# Don't Call Us, We'll Call You

Monadic IO and the Sugarloaf Transformation

#### Saturday, January 7, 2017 · 3 min read

Look. I get it. Monad tutorials are a meme, memes about monad tutorials are a meme, and we’re almost at the point where memes about memes about monad tutorials are a meme. Before we go any farther down this infinite stack of turtles, though, I want to share one way to think about monads that doesn’t involve burritos or boxes or any Haskell code at all. I present to you, the Sugarloaf Transformation.

The overall idea makes sense to me because I’m a fan of visual metaphors. Your mileage may vary.

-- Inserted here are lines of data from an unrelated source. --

lemma lin_vecs: "w \<in> vecs \<Longrightarrow> lin w \<in> vecs" using F_vecs by (simp add: lin_def)
lemma lin_zero [simp]: "lin 0 = 0" by (simp add: lin_def)
lemma F_lin: "b \<in> vecs \<Longrightarrow> w \<in> vecs \<Longrightarrow> F (b + w) = F b + lin w"
  using increment_invariant[of b w] by (simp add: lin_def algebra_simps)
lemma lin_add: "x \<in> vecs \<Longrightarrow> y \<in> vecs \<Longrightarrow> lin (x + y) = lin x + lin y"
  using F_lin[of x y] by (simp add: lin_def)
lemma lin_diff: "x \<in> vecs \<Longrightarrow> y \<in> vecs \<Longrightarrow> lin (x - y) = lin x - lin y"
  using lin_add[of "x - y" y] by simp
lemma lin_inj: "x \<in> vecs \<Longrightarrow> y \<in> vecs \<Longrightarrow> lin x = lin y \<Longrightarrow> x = y"
  using F_inj by (simp add: lin_def)
lemma lin_surj: "z \<in> vecs \<Longrightarrow> \<exists>x\<in>vecs. lin x = z"
  using F_surj[of "z + F 0"] F_vecs by (force simp: lin_def)
lemma lin_light: "x \<in> vecs \<Longrightarrow> mquad (lin x) = 0 \<longleftrightarrow> mquad x = 0"
  using F_light[of x 0] by (simp add: lin_def)
lemma lin_simultaneous: "x \<in> vecs \<Longrightarrow> x 0 = 0 \<Longrightarrow> lin x 0 = 0 \<Longrightarrow> mquad (lin x) = mquad x"
  using F_simultaneous[of x 0] by (simp add: lin_def)
lemma lin_sum: "(\<And>i. i \<in> A \<Longrightarrow> f i \<in> vecs) \<Longrightarrow> lin (sum f A) = (\<Sum>i\<in>A. lin (f i))"
proof (induction A rule: infinite_finite_induct)
  case (insert x A)
  then have "lin (f x + sum f A) = lin (f x) + lin (sum f A)" by (intro lin_add) auto
  then show ?case using insert by (simp only: sum.insert[OF insert.hyps(1,2)]) simp
qed (simp_all add: lin_def)

(* lin maps every light ray onto a light ray; ray_scale u records how the scalars of the
   ray through u are transformed. *)
definition ray_scale :: "(nat \<Rightarrow> 'q) \<Rightarrow> 'q \<Rightarrow> 'q" where
  "ray_scale u t = (SOME c. lin (smul t u) = smul c (lin u))"

lemma ray_scale_eq:
  assumes u: "u \<in> vecs" and null: "mquad u = 0" and nz: "u \<noteq> 0"
  shows "lin (smul t u) = smul (ray_scale u t) (lin u)"
proof -
  have tu: "smul t u \<in> vecs" using u by simp
  have null': "mquad (lin u) = 0" "mquad (lin (smul t u)) = 0"
    using lin_light u tu null by (simp_all add: mquad_smul)
  have "lin (smul t u) - lin u = lin (smul (t - 1) u)"
    using lin_diff[OF tu u] by (simp add: smul_diff_left)
  then have "mquad (lin (smul t u) - lin u) = 0"
    using lin_light[of "smul (t - 1) u"] u null by (simp add: mquad_smul)
  then have "mform (lin (smul t u)) (lin u) = 0" using null' by (simp add: mquad_diff)
  moreover have "lin u \<noteq> 0" using lin_inj[of u 0] u nz by (auto simp: lin_def)
  ultimately have "\<exists>c. lin (smul t u) = smul c (lin u)"
    using null_orthogonal_parallel lin_vecs tu u null' by blast
  then show ?thesis unfolding ray_scale_def by (rule someI_ex)
qed

lemma ray_scale_props:
  assumes u: "u \<in> vecs" and null: "mquad u = 0" and nz: "u \<noteq> 0"
  shows "additive (ray_scale u)" and "ray_scale u 1 = 1" and "\<exists>t. ray_scale u t = c"
proof -
  have lin_nz: "lin u \<noteq> 0" using lin_inj[of u 0] u nz by (auto simp: lin_def)
  note scale = ray_scale_eq[OF assms]
  show "additive (ray_scale u)"
  proof
    fix s t
    have "smul (ray_scale u (s + t)) (lin u) = lin (smul s u) + lin (smul t u)"
      using scale[of "s + t"] lin_add u by (simp add: smul_add_left)
    also have "\<dots> = smul (ray_scale u s + ray_scale u t) (lin u)"
      using scale by (simp add: smul_add_left)
    finally show "ray_scale u (s + t) = ray_scale u s + ray_scale u t" using smul_cancel[OF lin_nz] by blast
  qed
  show "ray_scale u 1 = 1" using scale[of 1] smul_cancel[OF lin_nz, of _ 1] by simp
  obtain x where x: "x \<in> vecs" and lin_x: "lin x = smul c (lin u)"
    using lin_surj[of "smul c (lin u)"] lin_vecs u by auto
  have null_lin: "mquad (lin u) = 0" using lin_light u null by simp
  have "lin (x - u) = smul (c - 1) (lin u)" using lin_diff[OF x u] lin_x by (simp add: smul_diff_left)
  then have "mquad (x - u) = 0" "mquad x = 0"
    using lin_light[of "x - u"] lin_light[OF x] x u lin_x null_lin by (simp_all add: mquad_smul)
  then have "mform x u = 0" using null by (simp add: mquad_diff)
  then obtain t where "x = smul t u" using null_orthogonal_parallel[of x u] x u \<open>mquad x = 0\<close> null nz by auto
  then have "smul (ray_scale u t) (lin u) = smul c (lin u)" using scale[of t] lin_x by simp
  then show "\<exists>t. ray_scale u t = c" using smul_cancel[OF lin_nz] by blast
qed

(* Two non-orthogonal light rays u, v and an auxiliary vector q: the point
   q + t v - s u is lightlike exactly on the hyperbola t (1 - s) = k, and lin transports
   this to a conic condition on ray_scale v t and ray_scale u s. *)
lemma ray_scale_hyperbola:
  assumes u: "u \<in> vecs" and v: "v \<in> vecs" and q: "q \<in> vecs"
    and null_u: "mquad u = 0" and null_v: "mquad v = 0" and uv: "mform u v \<noteq> 0"
    and qu: "mform q u = 0" and qv: "mform q v = mform u v" and qq: "mquad q = - 2 * k * mform u v"
  shows "t * (1 - s) = k \<longleftrightarrow>
    mquad (lin q) + 2 * ray_scale v t * mform (lin q) (lin v) - 2 * ray_scale u s * mform (lin q) (lin u)
      - 2 * ray_scale u s * ray_scale v t * mform (lin u) (lin v) = 0"
proof -
  define z where "z = q + smul t v - smul s u"
  have z: "z \<in> vecs" using u v q by (simp add: z_def)
  have unz: "u \<noteq> 0" and vnz: "v \<noteq> 0" using uv by auto
  have "mquad z = 2 * mform u v * (t * (1 - s) - k)"
    using null_u null_v qu qv qq
    by (simp add: z_def mquad_def mform_lin mform_sym[of u q] mform_sym[of v q] mform_sym[of v u]
        power2_eq_square algebra_simps)
  then have "t * (1 - s) = k \<longleftrightarrow> mquad (lin z) = 0" using lin_light[OF z] uv by simp
  moreover have "lin z = lin q + smul (ray_scale v t) (lin v) - smul (ray_scale u s) (lin u)"
    using lin_add lin_diff u v q ray_scale_eq[OF u null_u unz] ray_scale_eq[OF v null_v vnz]
    by (simp add: z_def)
  moreover have "mquad (lin u) = 0" "mquad (lin v) = 0" using lin_light u v null_u null_v by simp_all
  ultimately show ?thesis
    by (simp add: mquad_def mform_lin mform_sym[of "lin v" "lin q"] mform_sym[of "lin u" "lin q"]
        mform_sym[of "lin v" "lin u"] power2_eq_square algebra_simps)
qed
(* Nonnegativity of conditional mutual information: H(ABC) + H(C) <= H(AC) + H(BC). *)
lemma neg_entropy_supermodular:
  fixes A :: "'w \<Rightarrow> 'a" and B :: "'w \<Rightarrow> 'b" and C :: "'w \<Rightarrow> 'c"
  assumes fin: "finite Om" and nn: "\<And>w. w \<in> Om \<Longrightarrow> P w \<ge> 0"
  shows "neg_entropy Om P (\<lambda>w. (A w, C w)) + neg_entropy Om P (\<lambda>w. (B w, C w))
       \<le> neg_entropy Om P (\<lambda>w. (A w, B w, C w)) + neg_entropy Om P C"
proof -
  define pabc where "pabc = rv_pmf Om P (\<lambda>w. (A w, B w, C w))"
  define pac where "pac = rv_pmf Om P (\<lambda>w. (A w, C w))"
  define pbc where "pbc = rv_pmf Om P (\<lambda>w. (B w, C w))"
  define pc where "pc = rv_pmf Om P C"
  define r where "r = (\<lambda>w. pac (A w, C w) * pbc (B w, C w) / (pabc (A w, B w, C w) * pc (C w)))"
  have "neg_entropy Om P (\<lambda>w. (A w, C w)) + neg_entropy Om P (\<lambda>w. (B w, C w))
      - neg_entropy Om P (\<lambda>w. (A w, B w, C w)) - neg_entropy Om P C
     = (\<Sum>w\<in>Om. P w * (ln (pac (A w, C w)) + ln (pbc (B w, C w)) - ln (pabc (A w, B w, C w)) - ln (pc (C w))))"
    unfolding neg_entropy_def pac_def pbc_def pabc_def pc_def
    by (simp add: distrib_left right_diff_distrib sum.distrib sum_subtractf)
  also have "\<dots> \<le> (\<Sum>w\<in>Om. P w * (r w - 1))"
  proof (intro sum_mono)
    fix w assume w: "w \<in> Om"
    show "P w * (ln (pac (A w, C w)) + ln (pbc (B w, C w)) - ln (pabc (A w, B w, C w)) - ln (pc (C w)))
        \<le> P w * (r w - 1)"
    proof (cases "P w = 0")
      case False
      hence pos: "P w > 0" using nn[OF w] by simp
      have p: "rv_pmf Om P U (U w) > 0" for U :: "_ \<Rightarrow> 'u"
        by (rule rv_pmf_pos[where P=P, OF fin nn w pos])
      have "pabc (A w, B w, C w) > 0" "pc (C w) > 0" "pac (A w, C w) > 0" "pbc (B w, C w) > 0"
        using p[of "\<lambda>w. (A w, B w, C w)"] p[of C] p[of "\<lambda>w. (A w, C w)"] p[of "\<lambda>w. (B w, C w)"]
        by (simp_all add: pabc_def pc_def pac_def pbc_def)
      hence "r w > 0" and ln_r: "ln (r w) = ln (pac (A w, C w)) + ln (pbc (B w, C w)) - ln (pabc (A w, B w, C w)) - ln (pc (C w))"
        by (simp_all add: r_def ln_mult ln_div)
      have "ln (r w) \<le> r w - 1" using \<open>r w > 0\<close> by (rule ln_le_minus_one)
      thus ?thesis using pos unfolding ln_r by (intro mult_left_mono) auto
    qed simp
  qed
  also have "\<dots> = (\<Sum>w\<in>Om. P w * r w) - (\<Sum>w\<in>Om. P w)"
    by (simp add: algebra_simps sum_subtractf)
  also have "\<dots> \<le> 0"
    using cmi_ratio_bound[OF fin nn, where A=A and B=B and C=C]
    by (simp add: r_def pac_def pbc_def pabc_def pc_def)
  finally show ?thesis by simp
qed
lemma complete_bip_set_sides:
  assumes "complete_bip_set G Q"
  shows "Q \<subseteq> A \<union> B" and "Q \<inter> A \<noteq> {}" and "Q \<inter> B \<noteq> {}"
    and "\<forall>a\<in>Q \<inter> A. \<forall>b\<in>Q \<inter> B. adj G a b"
proof -
  obtain X Y where XY: "X \<noteq> {}" "Y \<noteq> {}" "X \<union> Y = Q" "\<forall>x\<in>X. \<forall>y\<in>Y. adj G x y"
    and Q: "Q \<subseteq> verts G"
    using assms unfolding complete_bip_set_def by blast
  then obtain x y where xy: "x \<in> X" "y \<in> Y" "adj G x y" by blast
  have parts_in_sides: "X \<subseteq> A1 \<and> Y \<subseteq> B1"
    if "x \<in> A1" "y \<in> B1" "{A1, B1} = {A, B}" for A1 B1
  proof -
    have "A1 \<inter> B1 = {}" and "\<And>u v. adj G u v \<Longrightarrow> u \<in> A1 \<and> v \<in> B1 \<or> u \<in> B1 \<and> v \<in> A1"
      using that(3) sides_disjoint adj_sides by (auto simp: doubleton_eq_iff)
    then show ?thesis
      using that(1,2) XY(4) xy(1,2) by blast
  qed
  have "X \<subseteq> A \<and> Y \<subseteq> B \<or> X \<subseteq> B \<and> Y \<subseteq> A"
    using adj_sides[OF xy(3)] parts_in_sides[of A B] parts_in_sides[of B A] by blast
  then have "Q \<inter> A = X \<and> Q \<inter> B = Y \<or> Q \<inter> A = Y \<and> Q \<inter> B = X"
    using XY(3) sides_disjoint by blast
  then show "Q \<inter> A \<noteq> {}" "Q \<inter> B \<noteq> {}"
    using XY(1,2) by auto
  from \<open>Q \<inter> A = X \<and> Q \<inter> B = Y \<or> Q \<inter> A = Y \<and> Q \<inter> B = X\<close>
  show "\<forall>a\<in>Q \<inter> A. \<forall>b\<in>Q \<inter> B. adj G a b"
    using XY(4) adj_sym by auto
  show "Q \<subseteq> A \<union> B"
    using Q sides_cover by blast
qed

Consider the dataflow programming paradigm (think of Quartz Composer or
LabView-G). A dataflow language takes the idea of an abstract syntax tree and
extends it to the tree’s close relative, the directed acyclic graph. A dataflow
program is a DAG where the edges entering and leaving each node are ordered.
Each edge is associated with a value, and a node computes the values of its
out-edges based on the values of its in-edges. Nodes with no in-edges are
called *sources*, and nodes with no out-edges are called *sinks*. The program
below computes the difference between 3 and 1, and prints the number 2. The two
nodes on the left are sources that return constants; the `print`

node is a
sink.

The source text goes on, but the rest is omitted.